■ **WHAT YOU WILL DO**
Needed from the data below: all lines that contain the word "vdist".

■ **Collected data**

%%

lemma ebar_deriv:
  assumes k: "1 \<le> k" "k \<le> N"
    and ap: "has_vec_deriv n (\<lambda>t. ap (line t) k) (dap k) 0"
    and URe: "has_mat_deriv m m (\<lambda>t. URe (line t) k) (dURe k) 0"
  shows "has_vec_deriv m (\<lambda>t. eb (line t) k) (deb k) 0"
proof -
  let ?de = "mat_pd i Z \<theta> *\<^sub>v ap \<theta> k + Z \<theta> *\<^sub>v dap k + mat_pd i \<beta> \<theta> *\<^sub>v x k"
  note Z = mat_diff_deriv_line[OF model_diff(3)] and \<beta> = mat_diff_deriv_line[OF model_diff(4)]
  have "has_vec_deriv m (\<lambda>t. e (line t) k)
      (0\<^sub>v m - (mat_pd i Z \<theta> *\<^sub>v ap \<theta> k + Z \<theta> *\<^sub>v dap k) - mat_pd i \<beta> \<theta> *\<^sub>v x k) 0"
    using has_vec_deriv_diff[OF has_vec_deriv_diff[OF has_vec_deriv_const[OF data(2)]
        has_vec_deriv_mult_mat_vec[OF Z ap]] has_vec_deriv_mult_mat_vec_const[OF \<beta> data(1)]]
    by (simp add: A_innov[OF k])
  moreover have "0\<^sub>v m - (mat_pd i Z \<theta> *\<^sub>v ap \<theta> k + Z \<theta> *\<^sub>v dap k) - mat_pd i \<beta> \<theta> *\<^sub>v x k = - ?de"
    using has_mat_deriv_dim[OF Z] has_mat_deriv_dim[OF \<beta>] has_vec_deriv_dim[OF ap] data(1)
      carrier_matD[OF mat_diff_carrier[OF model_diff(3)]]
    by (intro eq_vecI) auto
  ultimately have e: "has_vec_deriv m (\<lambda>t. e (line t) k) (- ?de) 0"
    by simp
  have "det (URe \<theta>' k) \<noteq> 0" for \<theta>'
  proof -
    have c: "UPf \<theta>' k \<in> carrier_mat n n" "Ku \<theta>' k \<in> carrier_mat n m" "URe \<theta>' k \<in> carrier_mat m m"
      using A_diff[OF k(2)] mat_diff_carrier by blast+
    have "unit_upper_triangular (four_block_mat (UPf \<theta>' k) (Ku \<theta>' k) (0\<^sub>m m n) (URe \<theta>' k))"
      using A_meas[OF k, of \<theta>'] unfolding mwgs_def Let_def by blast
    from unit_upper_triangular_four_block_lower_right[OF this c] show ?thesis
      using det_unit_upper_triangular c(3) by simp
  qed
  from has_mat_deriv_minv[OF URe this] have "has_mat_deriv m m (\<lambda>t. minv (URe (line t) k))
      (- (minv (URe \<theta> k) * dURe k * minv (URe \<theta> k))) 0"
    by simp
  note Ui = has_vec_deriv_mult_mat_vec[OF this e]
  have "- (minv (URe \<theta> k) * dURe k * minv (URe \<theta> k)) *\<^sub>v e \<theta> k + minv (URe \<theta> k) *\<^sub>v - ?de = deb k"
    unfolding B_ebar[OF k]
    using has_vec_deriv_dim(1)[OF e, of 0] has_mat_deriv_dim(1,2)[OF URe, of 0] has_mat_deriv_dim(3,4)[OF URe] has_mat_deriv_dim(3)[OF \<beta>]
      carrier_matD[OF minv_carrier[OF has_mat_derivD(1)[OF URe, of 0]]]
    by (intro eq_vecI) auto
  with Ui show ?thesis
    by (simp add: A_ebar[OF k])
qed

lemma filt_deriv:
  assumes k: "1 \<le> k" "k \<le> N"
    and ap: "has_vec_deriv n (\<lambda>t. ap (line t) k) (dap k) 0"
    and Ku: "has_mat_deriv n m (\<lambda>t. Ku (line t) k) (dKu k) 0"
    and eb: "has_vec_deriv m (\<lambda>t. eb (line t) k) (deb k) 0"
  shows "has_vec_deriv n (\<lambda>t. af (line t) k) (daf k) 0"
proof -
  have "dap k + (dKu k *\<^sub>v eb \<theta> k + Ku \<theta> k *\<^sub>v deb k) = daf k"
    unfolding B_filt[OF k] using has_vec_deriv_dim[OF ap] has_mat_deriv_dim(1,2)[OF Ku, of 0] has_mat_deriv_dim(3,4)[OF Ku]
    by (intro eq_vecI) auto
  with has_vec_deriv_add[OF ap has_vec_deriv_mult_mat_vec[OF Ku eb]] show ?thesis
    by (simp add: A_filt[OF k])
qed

%%
%%

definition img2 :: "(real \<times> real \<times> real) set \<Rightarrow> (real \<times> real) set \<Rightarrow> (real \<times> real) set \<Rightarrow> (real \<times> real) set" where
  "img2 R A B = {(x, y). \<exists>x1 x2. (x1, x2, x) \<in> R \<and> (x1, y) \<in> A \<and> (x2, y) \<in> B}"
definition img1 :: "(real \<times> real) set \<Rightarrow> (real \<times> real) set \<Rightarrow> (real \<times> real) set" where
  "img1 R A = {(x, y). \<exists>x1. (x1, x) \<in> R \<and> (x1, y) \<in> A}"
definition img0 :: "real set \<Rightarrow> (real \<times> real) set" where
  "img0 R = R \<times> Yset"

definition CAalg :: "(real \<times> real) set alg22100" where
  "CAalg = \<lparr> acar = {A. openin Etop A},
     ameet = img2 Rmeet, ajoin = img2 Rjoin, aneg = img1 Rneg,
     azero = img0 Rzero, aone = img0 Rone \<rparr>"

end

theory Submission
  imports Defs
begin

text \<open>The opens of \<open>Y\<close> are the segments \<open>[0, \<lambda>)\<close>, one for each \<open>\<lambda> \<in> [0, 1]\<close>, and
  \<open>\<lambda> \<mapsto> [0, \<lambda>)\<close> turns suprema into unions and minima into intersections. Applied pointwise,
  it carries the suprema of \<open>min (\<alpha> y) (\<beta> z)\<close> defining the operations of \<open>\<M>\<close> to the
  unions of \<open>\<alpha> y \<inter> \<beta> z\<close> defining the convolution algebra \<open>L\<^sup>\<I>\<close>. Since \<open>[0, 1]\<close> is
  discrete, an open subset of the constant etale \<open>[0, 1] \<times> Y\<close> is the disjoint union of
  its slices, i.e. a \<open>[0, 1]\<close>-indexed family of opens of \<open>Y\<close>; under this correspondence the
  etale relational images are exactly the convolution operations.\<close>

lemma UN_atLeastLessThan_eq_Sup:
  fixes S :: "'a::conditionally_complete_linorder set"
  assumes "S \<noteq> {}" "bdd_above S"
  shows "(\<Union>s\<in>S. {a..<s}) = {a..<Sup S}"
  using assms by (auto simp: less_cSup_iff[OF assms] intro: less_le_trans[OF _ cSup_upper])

%%
%%

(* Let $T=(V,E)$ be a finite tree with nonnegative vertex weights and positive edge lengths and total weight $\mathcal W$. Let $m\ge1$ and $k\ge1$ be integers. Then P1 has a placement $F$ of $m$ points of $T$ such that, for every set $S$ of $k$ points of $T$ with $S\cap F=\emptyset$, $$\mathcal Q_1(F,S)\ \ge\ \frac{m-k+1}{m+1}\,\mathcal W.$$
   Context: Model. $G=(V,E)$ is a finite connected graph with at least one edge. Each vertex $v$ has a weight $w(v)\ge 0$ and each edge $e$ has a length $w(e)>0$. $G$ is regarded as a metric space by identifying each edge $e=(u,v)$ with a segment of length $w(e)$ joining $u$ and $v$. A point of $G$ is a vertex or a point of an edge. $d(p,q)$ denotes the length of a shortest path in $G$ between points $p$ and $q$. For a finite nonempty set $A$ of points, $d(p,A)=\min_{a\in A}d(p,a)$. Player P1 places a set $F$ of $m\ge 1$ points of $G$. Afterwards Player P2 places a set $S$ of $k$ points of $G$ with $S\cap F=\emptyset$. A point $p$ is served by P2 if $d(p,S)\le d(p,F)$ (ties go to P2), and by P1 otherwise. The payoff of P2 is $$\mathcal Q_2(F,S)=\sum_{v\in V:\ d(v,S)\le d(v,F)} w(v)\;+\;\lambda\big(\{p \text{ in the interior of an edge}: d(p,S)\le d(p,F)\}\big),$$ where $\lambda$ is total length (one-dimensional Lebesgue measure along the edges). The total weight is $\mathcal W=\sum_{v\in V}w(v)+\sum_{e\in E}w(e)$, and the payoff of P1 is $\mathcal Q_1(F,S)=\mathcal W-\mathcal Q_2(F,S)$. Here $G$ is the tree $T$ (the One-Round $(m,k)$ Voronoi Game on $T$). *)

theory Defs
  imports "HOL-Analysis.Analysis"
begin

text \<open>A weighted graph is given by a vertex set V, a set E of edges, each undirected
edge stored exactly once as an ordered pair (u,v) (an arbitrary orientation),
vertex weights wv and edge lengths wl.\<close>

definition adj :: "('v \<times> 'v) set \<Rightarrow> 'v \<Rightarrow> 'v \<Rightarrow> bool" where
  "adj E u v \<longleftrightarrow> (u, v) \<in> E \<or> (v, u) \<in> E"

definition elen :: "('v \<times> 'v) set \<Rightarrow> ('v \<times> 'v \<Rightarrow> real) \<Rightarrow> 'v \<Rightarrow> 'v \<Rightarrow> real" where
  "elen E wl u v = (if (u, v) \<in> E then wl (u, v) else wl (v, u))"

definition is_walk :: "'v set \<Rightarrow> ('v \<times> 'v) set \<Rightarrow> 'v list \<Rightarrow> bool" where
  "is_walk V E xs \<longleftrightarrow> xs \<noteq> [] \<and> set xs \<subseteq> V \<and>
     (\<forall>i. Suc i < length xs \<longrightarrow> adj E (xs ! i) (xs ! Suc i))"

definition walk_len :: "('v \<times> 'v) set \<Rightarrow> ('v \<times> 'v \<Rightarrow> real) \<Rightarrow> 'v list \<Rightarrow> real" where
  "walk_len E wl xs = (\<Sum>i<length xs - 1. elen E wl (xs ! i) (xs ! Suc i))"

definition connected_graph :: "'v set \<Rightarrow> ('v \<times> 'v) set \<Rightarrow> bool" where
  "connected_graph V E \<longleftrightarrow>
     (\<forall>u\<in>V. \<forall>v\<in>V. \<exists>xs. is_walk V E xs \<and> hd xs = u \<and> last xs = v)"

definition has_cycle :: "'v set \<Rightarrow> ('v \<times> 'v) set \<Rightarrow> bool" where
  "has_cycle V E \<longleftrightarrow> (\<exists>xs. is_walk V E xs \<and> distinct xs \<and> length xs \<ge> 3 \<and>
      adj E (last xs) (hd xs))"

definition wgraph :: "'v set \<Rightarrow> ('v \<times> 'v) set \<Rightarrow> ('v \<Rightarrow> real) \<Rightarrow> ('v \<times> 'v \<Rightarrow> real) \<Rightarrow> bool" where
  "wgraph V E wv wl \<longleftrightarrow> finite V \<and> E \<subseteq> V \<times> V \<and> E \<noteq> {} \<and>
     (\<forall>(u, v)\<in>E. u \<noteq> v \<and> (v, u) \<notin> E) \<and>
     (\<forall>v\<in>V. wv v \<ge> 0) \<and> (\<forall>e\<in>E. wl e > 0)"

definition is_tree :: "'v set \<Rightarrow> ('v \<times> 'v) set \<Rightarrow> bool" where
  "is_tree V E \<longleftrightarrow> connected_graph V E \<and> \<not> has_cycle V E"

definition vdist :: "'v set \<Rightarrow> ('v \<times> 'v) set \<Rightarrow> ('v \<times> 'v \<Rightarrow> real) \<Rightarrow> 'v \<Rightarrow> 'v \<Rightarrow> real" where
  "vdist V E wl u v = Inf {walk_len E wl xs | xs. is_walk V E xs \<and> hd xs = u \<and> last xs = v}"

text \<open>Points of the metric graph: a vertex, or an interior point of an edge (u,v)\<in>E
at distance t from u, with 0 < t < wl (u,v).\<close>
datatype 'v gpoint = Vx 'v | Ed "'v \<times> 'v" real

%%

■ **RESPONSE AREA**
definition vdist :: "'v set \<Rightarrow> ('v \<times> 'v) set \<Rightarrow> ('v \<times> 'v \<Rightarrow> real) \<Rightarrow> 'v \<Rightarrow> 'v \<Rightarrow> real" where
  "vdist V E wl u v = Inf {walk_len E wl xs | xs. is_walk V E xs \<and> hd xs = u \<and> last xs = v}"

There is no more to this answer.